Through mindfulness, meditation, therapy and a tonne of self-care, I was able to forgive him and her, and I was able to forgive myself. Even after the long years of grieving, I would say only 80% of myself has moved on – the rest of me is still lingering in the past, inconsolable and unable to move forward without some kind of closure. I am still, however, determined. I must honor my journey and my healing process. 1000 times I will think about him, and 1000 times I will tell myself, ‘Come back to the present.’ It is in the here and now that I find my greatest source of contentment. It is in the here and now that happiness lives.

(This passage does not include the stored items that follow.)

(* Let $d,n$ be positive integers with $d+1\le 2^n$, let $0<\kappa_1\le\kappa_2$ be constants, and let $G\subset\mathbb{R}^d$ be a set all of whose points satisfy $\kappa_1\le\|\boldsymbol{x}\|\le\kappa_2$. Let $F:G\to\mathbb{C}^{2^n}$ be the amplitude encoding $$F(\boldsymbol{x})=|\bar{\boldsymbol{x}}\rangle=\gamma^{-1}(x_1,\dots,x_d,\tilde{x},0,\dots,0)^T,\qquad \tilde{x}=\frac{\|\boldsymbol{x}\|}{1+\|\boldsymbol{x}\|},\quad \gamma=(\|\boldsymbol{x}\|^2+\tilde{x}^2)^{1/2},$$ and let $\bar G=F(G)$, a subset of the unit sphere $\mathbb{S}$ of $\mathbb{C}_2^{\otimes n}\cong\mathbb{C}^{2^n}$. Let $\mu$ be a finite Borel measure on $\bar G$ and let $f:\bar G\to\mathbb{R}$ be an arbitrary square-integrable function on $\bar G$. For $n_s\in\mathbb{N}$, $\boldsymbol{z}_1,\dots,\boldsymbol{z}_{n_s}\in\mathbb{S}$, $\boldsymbol{a}\in\mathbb{R}_+^{n_s}$ (positive entries), $\boldsymbol{c}\in[0,1]^{n_s}$ and $\boldsymbol{\alpha}\in\mathbb{R}^{n_s}$ define $$q_{\boldsymbol{z}_1,\dots,\boldsymbol{z}_{n_s},\boldsymbol{a},\boldsymbol{c},\boldsymbol{\alpha}}(\bar{\boldsymbol{x}})=\sum_{j=1}^{n_s}\alpha_j\,\sigma\big(a_j(|\langle\bar{\boldsymbol{x}}|\boldsymbol{z}_j\rangle|^2-c_j)\big),\qquad \sigma(t)=\frac{1}{1+e^{-t}},$$ and let $Q(\bar G)$ be the set of all such functions (over all choices of $n_s,\boldsymbol{z}_j,\boldsymbol{a},\boldsymbol{c},\boldsymbol{\alpha}$). Then $Q(\bar G)$ is dense in $L^2(\bar G,\mu)$: for every $\epsilon>0$ there exists $q\in Q(\bar G)$ with $$\int_{\bar G}|q(\bar{\boldsymbol{x}})-f(\bar{\boldsymbol{x}})|^2\,d\mu<\epsilon.$$
   Context: $\langle\bar{\boldsymbol{x}}|\boldsymbol{z}\rangle$ denotes the standard Hermitian inner product on $\mathbb{C}^{2^n}$; $\mathbb{S}$ is the set of unit vectors of $\mathbb{C}^{2^n}$. $L^2(\bar G,\mu)$ is the space of real-valued square-integrable functions on $\bar G$ with respect to $\mu$. *)

theory Defs
  imports "HOL-Analysis.Analysis"
begin

text \<open>Vectors of R^d are represented as functions nat => real vanishing at indices >= d;
vectors of C^(2^n) as functions nat => complex vanishing at indices >= 2^n.\<close>

definition vnorm :: "nat \<Rightarrow> (nat \<Rightarrow> real) \<Rightarrow> real" where
  "vnorm d x = sqrt (\<Sum>i<d. (x i)\<^sup>2)"

definition amp_enc :: "nat \<Rightarrow> (nat \<Rightarrow> real) \<Rightarrow> (nat \<Rightarrow> complex)" where
  "amp_enc d x =
     (let r = vnorm d x; xt = r / (1 + r); \<gamma> = sqrt (r\<^sup>2 + xt\<^sup>2)
      in (\<lambda>i. if i < d then complex_of_real (x i / \<gamma>)
               else if i = d then complex_of_real (xt / \<gamma>) else 0))"

definition hinner :: "nat \<Rightarrow> (nat \<Rightarrow> complex) \<Rightarrow> (nat \<Rightarrow> complex) \<Rightarrow> complex" where
  "hinner N x z = (\<Sum>i<N. cnj (x i) * z i)"

definition unit_sphere :: "nat \<Rightarrow> (nat \<Rightarrow> complex) set" where
  "unit_sphere N = {z. (\<forall>i\<ge>N. z i = 0) \<and> (\<Sum>i<N. (cmod (z i))\<^sup>2) = 1}"

definition sigmoid :: "real \<Rightarrow> real" where
  "sigmoid t = 1 / (1 + exp (- t))"

definition Qfam :: "nat \<Rightarrow> ((nat \<Rightarrow> complex) \<Rightarrow> real) set" where
  "Qfam N = {q. \<exists>(ns::nat) (zs::nat \<Rightarrow> nat \<Rightarrow> complex) (a::nat \<Rightarrow> real) (c::nat \<Rightarrow> real) (\<alpha>::nat \<Rightarrow> real).
      (\<forall>j<ns. zs j \<in> unit_sphere N \<and> 0 < a j \<and> 0 \<le> c j \<and> c j \<le> 1) \<and>
      q = (\<lambda>x. \<Sum>j<ns. \<alpha> j * sigmoid (a j * ((cmod (hinner N x (zs j)))\<^sup>2 - c j)))}"

end

theory Submission
  imports Defs
begin

section \<open>Sums of sigmoids on the unit interval\<close>

lemma sigmoid_pos: "0 < sigmoid t"
  unfolding sigmoid_def by (simp add: add_pos_pos)

lemma sigmoid_less_1: "sigmoid t < 1"
  unfolding sigmoid_def by (simp add: add_pos_pos divide_less_eq)

lemma sigmoid_minus: "sigmoid (- t) = 1 - sigmoid t"
proof -
  have "0 < 1 + exp t" by (simp add: add_pos_pos)
  thus ?thesis unfolding sigmoid_def by (simp add: exp_minus field_simps)
qed

lemma sigmoid_le_exp: "sigmoid t \<le> exp t"
proof -
  have "sigmoid t = exp t / (exp t + 1)"
    unfolding sigmoid_def by (simp add: exp_minus field_simps add_pos_pos)
  also have "\<dots> \<le> exp t" by (simp add: divide_le_eq add_pos_pos)
  finally show ?thesis .
qed

lemma abs_1_minus_2_sigmoid_le:
  assumes "0 \<le> s" shows "\<bar>1 - 2 * sigmoid s\<bar> \<le> s"
proof -
  have "0 < 1 + exp (- s)" by (simp add: add_pos_pos)
  hence "2 * sigmoid s - 1 = (1 - exp (- s)) / (1 + exp (- s))"
    unfolding sigmoid_def by (simp add: field_simps)
  moreover have "0 \<le> (1 - exp (- s)) / (1 + exp (- s))"
    using assms by (simp add: add_pos_pos)
  moreover have "(1 - exp (- s)) / (1 + exp (- s)) \<le> 1 - exp (- s)"
    using assms by (simp add: divide_le_eq add_pos_pos mult_le_cancel_left1)
  moreover have "1 - s \<le> exp (- s)"
    using exp_ge_add_one_self[of "- s"] by simp
  ultimately show ?thesis by linarith
qed

lemma continuous_on_sigmoid [continuous_intros]:
  assumes "continuous_on S f"
  shows "continuous_on S (\<lambda>x. sigmoid (f x))"
proof -
  have "1 + exp (- f x) \<noteq> 0" for x
    using exp_gt_zero[of "- f x"] by linarith
  thus ?thesis unfolding sigmoid_def using assms by (intro continuous_intros) auto
qed

lemma sigmoid_steep:
  fixes m :: nat and s :: real
  assumes "0 < m" and "1 / m \<le> \<bar>s\<bar>"
  shows "\<bar>(if 0 < s then 1 else 0) - sigmoid (m * (ln m + 1) * s)\<bar> \<le> 1 / m"
proof -
  have "m * (ln m + 1) * \<bar>s\<bar> \<ge> m * (ln m + 1) * (1 / m)"
    using assms by (intro mult_left_mono) auto
  hence steep: "ln m + 1 \<le> m * (ln m + 1) * \<bar>s\<bar>"
    using assms(1) by simp
  have "exp (- (m * (ln m + 1) * \<bar>s\<bar>)) \<le> exp (- (ln m + 1))"
    using steep by simp
  also have "\<dots> = exp (- 1) / m"
    using assms(1) by (simp add: exp_diff exp_minus field_simps)
  also have "\<dots> \<le> 1 / m"
    by (simp add: divide_right_mono)
  finally have tail: "exp (- (m * (ln m + 1) * \<bar>s\<bar>)) \<le> 1 / m" .
  show ?thesis
  proof (cases "0 < s")
    case True
    have "1 - sigmoid (m * (ln m + 1) * s) \<le> exp (- (m * (ln m + 1) * s))"
      using sigmoid_le_exp[of "- (m * (ln m + 1) * s)"] by (simp add: sigmoid_minus)
    thus ?thesis using True tail sigmoid_less_1[of "m * (ln m + 1) * s"] by simp
  next
    case False
    have "sigmoid (m * (ln m + 1) * s) \<le> exp (- (m * (ln m + 1) * \<bar>s\<bar>))"
      using sigmoid_le_exp[of "m * (ln m + 1) * s"] False by simp
    thus ?thesis using False tail sigmoid_pos[of "m * (ln m + 1) * s"] by simp
  qed
qed

lemma sum_lessThan_telescope_prefix:
  fixes f :: "nat \<Rightarrow> 'a::ring_1"
  assumes "p \<le> m"
  shows "(\<Sum>j<m. (if j < p then 1 else 0) * (f (Suc j) - f j)) = f p - f 0"
proof -
  have "(\<Sum>j<m. (if j < p then 1 else 0) * (f (Suc j) - f j)) = (\<Sum>j\<in>{..<m} \<inter> {..<p}. f (Suc j) - f j)"
    by (auto simp: sum.inter_restrict intro!: sum.cong)
  also have "{..<m} \<inter> {..<p} = {..<p}"
    using assms by auto
  finally show ?thesis
    by (simp add: sum_lessThan_telescope)
qed

text \<open>The sigmoids \<open>\<sigma>(m (ln m + 1) (t - c\<^sub>j))\<close> with centres \<open>c\<^sub>j = (j + 1/2) / m\<close> approximate the
  steps of the staircase \<open>j < p\<close>, \<open>p\<close> the grid point nearest to \<open>t\<close>: all but the two steps
  next to \<open>t\<close> are matched up to \<open>1 / m\<close>.\<close>

lemma sigmoid_staircase_error:
  fixes m p :: nat and t :: real
  assumes "0 < m" and p: "\<bar>real p - t * m\<bar> \<le> 1/2"
  shows "(\<Sum>j<m. \<bar>(if j < p then 1 else 0) - sigmoid (m * (ln m + 1) * (t - (j + 1/2) / m))\<bar>) \<le> 3"
proof -
  have m: "real m > 0" using assms(1) by simp
  have p_bounds: "real p - 1/2 \<le> t * m" "t * m \<le> real p + 1/2"
    using p unfolding abs_le_iff by linarith+
  have step: "\<bar>(if j < p then 1 else 0) - sigmoid (m * (ln m + 1) * (t - (j + 1/2) / m))\<bar>
      \<le> 1 / m + (if j = p - 1 then 1 else 0) + (if j = p then 1 else 0)" for j
  proof (cases "j + 1 = p \<or> j = p")
    case True
    define \<sigma> where "\<sigma> = sigmoid (m * (ln m + 1) * (t - (j + 1/2) / m))"
    define w where "w = 1 / real m"
    have "0 < \<sigma>" "\<sigma> < 1"
      unfolding \<sigma>_def by (rule sigmoid_pos sigmoid_less_1)+
    moreover have "0 \<le> w" unfolding w_def by simp
    ultimately show ?thesis
      using True unfolding \<sigma>_def[symmetric] w_def[symmetric] by auto
  next
    case False
    have "real j + 2 \<le> real p \<or> real p + 1 \<le> real j"
      using False by linarith
    hence "1 \<le> \<bar>t * m - (j + 1/2)\<bar>" "(0 < t * m - (j + 1/2)) = (j < p)"
      using p_bounds by (auto simp: abs_if)
    moreover have "t - (j + 1/2) / m = (t * m - (j + 1/2)) / m"
      using m by (simp add: field_simps)
    ultimately have "1 / m \<le> \<bar>t - (j + 1/2) / m\<bar>" "(0 < t - (j + 1/2) / m) = (j < p)"
      using m by (simp_all add: divide_right_mono zero_less_divide_iff)
    hence "\<bar>(if j < p then 1 else 0) - sigmoid (m * (ln m + 1) * (t - (j + 1/2) / m))\<bar> \<le> 1 / m"
      using sigmoid_steep[OF assms(1), of "t - (j + 1/2) / m"] by simp
    thus ?thesis by (rule order_trans) simp
  qed
  hence "(\<Sum>j<m. \<bar>(if j < p then 1 else 0) - sigmoid (m * (ln m + 1) * (t - (j + 1/2) / m))\<bar>)
      \<le> (\<Sum>j<m. 1 / m + (if j = p - 1 then 1 else 0) + (if j = p then 1 else 0))"
    by (rule sum_mono)
  also have "\<dots> \<le> 3"
    using m by (simp add: sum.distrib)
  finally show ?thesis .
qed

lemma sigmoid_staircase_approx:
  fixes g :: "real \<Rightarrow> real" and m :: nat
  assumes "0 < m" and t: "t \<in> {0..1}"
    and modulus: "\<And>s t. s \<in> {0..1} \<Longrightarrow> t \<in> {0..1} \<Longrightarrow> \<bar>s - t\<bar> \<le> 1 / m \<Longrightarrow> \<bar>g s - g t\<bar> \<le> \<eta>"
  shows "\<bar>g t - (g 0 + (\<Sum>j<m. (g ((j + 1) / m) - g (j / m)) *
            sigmoid (m * (ln m + 1) * (t - (j + 1/2) / m))))\<bar> \<le> 4 * \<eta>"
proof -
  define p where "p = nat (round (t * m))"
  define H where "H j = (if j < p then 1 else 0) - sigmoid (m * (ln m + 1) * (t - (j + 1/2) / m))" for j :: nat
  define \<Delta> where "\<Delta> j = g ((j + 1) / m) - g (j / m)" for j :: nat
  have m: "real m > 0" using assms(1) by simp
  have "\<eta> \<ge> 0" using modulus[OF t t] by simp
  have "0 \<le> round (t * m)" using t by (simp add: round_mono[of 0, simplified])
  hence p_round: "\<bar>real p - t * m\<bar> \<le> 1/2"
    unfolding p_def using of_int_round_abs_le[of "t * m"] by simp
  have "round (t * m) \<le> round (real m)" using t m by (intro round_mono) simp
  hence "p \<le> m" unfolding p_def by simp
  have "\<bar>t - real p / m\<bar> = \<bar>real p - t * m\<bar> / m"
    using m by (simp add: field_simps abs_minus_commute)
  also have "\<dots> \<le> 1 / m" using p_round m by (simp add: divide_right_mono)
  finally have err_round: "\<bar>g t - g (real p / m)\<bar> \<le> \<eta>"
    using modulus t \<open>p \<le> m\<close> m by (simp add: divide_le_eq)
  have steps: "g (real p / m) = g 0 + (\<Sum>j<m. (if j < p then 1 else 0) * \<Delta> j)"
    using sum_lessThan_telescope_prefix[OF \<open>p \<le> m\<close>, of "\<lambda>j. g (real j / m)"]
    unfolding \<Delta>_def by simp
  have "\<bar>\<Sum>j<m. H j * \<Delta> j\<bar> \<le> (\<Sum>j<m. \<bar>H j\<bar> * \<eta>)"
  proof (rule order_trans[OF sum_abs sum_mono])
    fix j assume "j \<in> {..<m}"
    hence "\<bar>\<Delta> j\<bar> \<le> \<eta>"
      unfolding \<Delta>_def using m by (intro modulus) (auto simp: field_simps)
    thus "\<bar>H j * \<Delta> j\<bar> \<le> \<bar>H j\<bar> * \<eta>"
      unfolding abs_mult by (intro mult_left_mono) auto
  qed
  also have "\<dots> \<le> 3 * \<eta>"
    using sigmoid_staircase_error[OF assms(1) p_round] \<open>\<eta> \<ge> 0\<close>
    unfolding H_def sum_distrib_right[symmetric] by (intro mult_right_mono)
  finally have err_sigmoid: "\<bar>\<Sum>j<m. H j * \<Delta> j\<bar> \<le> 3 * \<eta>" .
  have "g t - (g 0 + (\<Sum>j<m. \<Delta> j * sigmoid (m * (ln m + 1) * (t - (j + 1/2) / m))))
      = (g t - g (real p / m)) + (\<Sum>j<m. H j * \<Delta> j)"
    unfolding steps H_def by (simp add: sum_subtractf left_diff_distrib algebra_simps)
  thus ?thesis using err_round err_sigmoid unfolding \<Delta>_def by linarith
qed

I want to encourage those who are still living in the pain of the past. No one but you will truly know the depth and layers of the disappointment and hurt you feel. You lost something dear to you in the past, and like a ghost looking for its closure, you linger there in mourning of it. To grieve is important, but when you are ready to move forward, the key is to acknowledge and accept. Realize that you cannot change what was and what is, pour your acceptance on the situation and close the door. Decide that you will no longer live with half of you in the past but to live fully, entirely and 100% in the present. Believe that you have everything you need right at this moment to be happy. And trust – trust that what lies ahead is better than anything you will leave behind.